Segment Start: Given data

lemma absorbing_seminorms_le_one:
  fixes q :: "'k \<Rightarrow> 'a::real_vector \<Rightarrow> real"
  assumes seminorm: "\<And>k. real_seminorm (q k)"
    and bounded: "\<And>x. bdd_above (range (\<lambda>k. q k x))"
  shows "absorbing {x. \<forall>k. q k x \<le> 1}"
  unfolding absorbing_def
proof
  fix x
  obtain K0 where "\<And>k. q k x \<le> K0"
    using bounded[of x] unfolding bdd_above_def by blast
  then obtain K where K: "\<And>k. q k x \<le> K" and "K \<ge> 1"
    by (meson max.cobounded1 max.coboundedI2)
  have "q k (c *\<^sub>R x) \<le> 1" if "\<bar>c\<bar> \<le> 1 / K" for c k
  proof -
    have "q k (c *\<^sub>R x) \<le> \<bar>c\<bar> * q k x"
      by (rule real_seminorm_scaleR[OF seminorm])
    also have "\<dots> \<le> (1 / K) * K"
      using K[of k] that \<open>K \<ge> 1\<close> real_seminorm_nonneg[OF seminorm] by (intro mult_mono) auto
    finally show ?thesis
      using \<open>K \<ge> 1\<close> by simp
  qed
  then show "\<exists>t>0. \<forall>c. \<bar>c\<bar> \<le> t \<longrightarrow> c *\<^sub>R x \<in> {x. \<forall>k. q k x \<le> 1}"
    using \<open>K \<ge> 1\<close> by (intro exI[of _ "1 / K"]) auto
qed

context
  assumes tvs: "locally_convex_tvs TYPE('g::{real_vector,topological_space})"
begin

lemma real_seminorm_continuous:
  fixes q :: "'g \<Rightarrow> real"
  assumes q: "real_seminorm q" and lim0: "(q \<longlongrightarrow> 0) (nhds 0)"
  shows "continuous_on UNIV q"
  unfolding continuous_on_def
proof
  fix x
  have lim: "((\<lambda>y. q (y - x)) \<longlongrightarrow> 0) (nhds x)"
    using filterlim_compose[OF lim0 tvs_tendsto_diff[OF tvs filterlim_ident]] .
  have bound: "norm (q y - q x) \<le> q (y - x)" for y
  proof -
    have "q y \<le> q (y - x) + q x" "q x \<le> q (x - y) + q y"
      using real_seminorm_add[OF q, of "y - x" x] real_seminorm_add[OF q, of "x - y" y] by simp_all
    then show ?thesis
      using real_seminorm_diff_commute[OF q, of x y] unfolding real_norm_def abs_le_iff by linarith
  qed
  have "((\<lambda>y. q y - q x) \<longlongrightarrow> 0) (nhds x)"
    by (rule Lim_null_comparison[OF always_eventually lim]) (use bound in blast)
  then have "(q \<longlongrightarrow> q x) (nhds x)"
    using LIM_zero_iff by blast
  then show "(q \<longlongrightarrow> q x) (at x within UNIV)"
    by (rule tendsto_mono[OF at_within_le_nhds])
qed

lemma barrelled_uniform_boundedness:
  fixes q :: "'k \<Rightarrow> 'g \<Rightarrow> real"
  assumes barrelled: "barrelled TYPE('g)"
    and seminorm: "\<And>k. real_seminorm (q k)"
    and closed: "\<And>k. closed {x. q k x \<le> 1}"
    and bounded: "\<And>x. bdd_above (range (\<lambda>k. q k x))"
  obtains V where "open V" "0 \<in> V" "\<And>k x. x \<in> V \<Longrightarrow> q k x \<le> 1"
proof -
  have "closed {x. \<forall>k. q k x \<le> 1}"
    using closed by (simp add: Collect_all_eq closed_INT)
  moreover note convex_seminorms_le_one[of q, OF seminorm] circled_seminorms_le_one[of q, OF seminorm]
    absorbing_seminorms_le_one[of q, OF seminorm bounded]
  ultimately obtain V where "open V" "0 \<in> V" "V \<subseteq> {x. \<forall>k. q k x \<le> 1}"
    using barrelled[unfolded barrelled_def, rule_format, of "{x. \<forall>k. q k x \<le> 1}"] by auto
  then show ?thesis
    using that by blast
qed

lemma uniformly_bounded_seminorms_tendsto_zero:
  fixes q :: "nat \<Rightarrow> 'g \<Rightarrow> real"
  assumes seminorm: "\<And>k. real_seminorm (q k)"
    and V: "open V" "0 \<in> V" "\<And>k x. x \<in> V \<Longrightarrow> q k x \<le> 1"
    and lim: "\<eta> \<longlonglongrightarrow> 0"
  shows "(\<lambda>k. q k (\<eta> k)) \<longlonglongrightarrow> 0"
proof (rule tendstoI)
  fix e :: real assume "e > 0"
  have "eventually (\<lambda>k. (2 / e) *\<^sub>R \<eta> k \<in> V) sequentially"
    using topological_tendstoD[OF tvs_tendsto_scaleR[OF tvs lim] V(1,2)] .
  then show "eventually (\<lambda>k. dist (q k (\<eta> k)) 0 < e) sequentially"
  proof eventually_elim
    case (elim k)
    have "q k (\<eta> k) = q k ((e / 2) *\<^sub>R ((2 / e) *\<^sub>R \<eta> k))"
      using \<open>e > 0\<close> by simp
    also have "\<dots> \<le> e / 2 * q k ((2 / e) *\<^sub>R \<eta> k)"
      using real_seminorm_scaleR[OF seminorm] \<open>e > 0\<close> by (metis abs_of_pos half_gt_zero)
    also have "\<dots> \<le> e / 2"
      using V(3)[OF elim] \<open>e > 0\<close> by (simp add: mult_left_le)
    finally show ?case
      using real_seminorm_nonneg[OF seminorm, of k] \<open>e > 0\<close> by simp
  qed
qed

end

section \<open>Products of representation operators\<close>

lemma pin_cong: "(\<And>i. i < n \<Longrightarrow> f i = g i) \<Longrightarrow> pin rho n f = pin rho n g"
  by (induction n) auto

text \<open>The set \<open>B \<times> {\<xi>}\<close> of the paper: \<open>\<xi>\<close> becomes the factor applied first.\<close>

definition gpow_cons :: "nat \<Rightarrow> 'g \<Rightarrow> (nat \<Rightarrow> 'g) \<Rightarrow> nat \<Rightarrow> 'g" where
  "gpow_cons n \<xi> f = restrict (case_nat \<xi> f) {..<Suc n}"

lemma gpow_cons_PiE: "gpow_cons n \<xi> f \<in> PiE {..<Suc n} (\<lambda>_. UNIV)"
  by (simp add: gpow_cons_def)

lemma pin_Suc_first: "pin rho (Suc n) f \<psi> = pin rho n (\<lambda>i. f (Suc i)) (rho (f 0) \<psi>)"
  by (induction n arbitrary: \<psi>) auto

Segment End: Given data

- [Task details]: Beginning at the line with "unfolding absorbing_def" and stopping after the line with "by (meson max.cobounded1 max.coboundedI2)", please write out every line of the data above exactly and nothing else.

- [Exercise response]:
  unfolding absorbing_def
proof
  fix x
  obtain K0 where "\<And>k. q k x \<le> K0"
    using bounded[of x] unfolding bdd_above_def by blast
  then obtain K where K: "\<And>k. q k x \<le> K" and "K \<ge> 1"
    by (meson max.cobounded1 max.coboundedI2)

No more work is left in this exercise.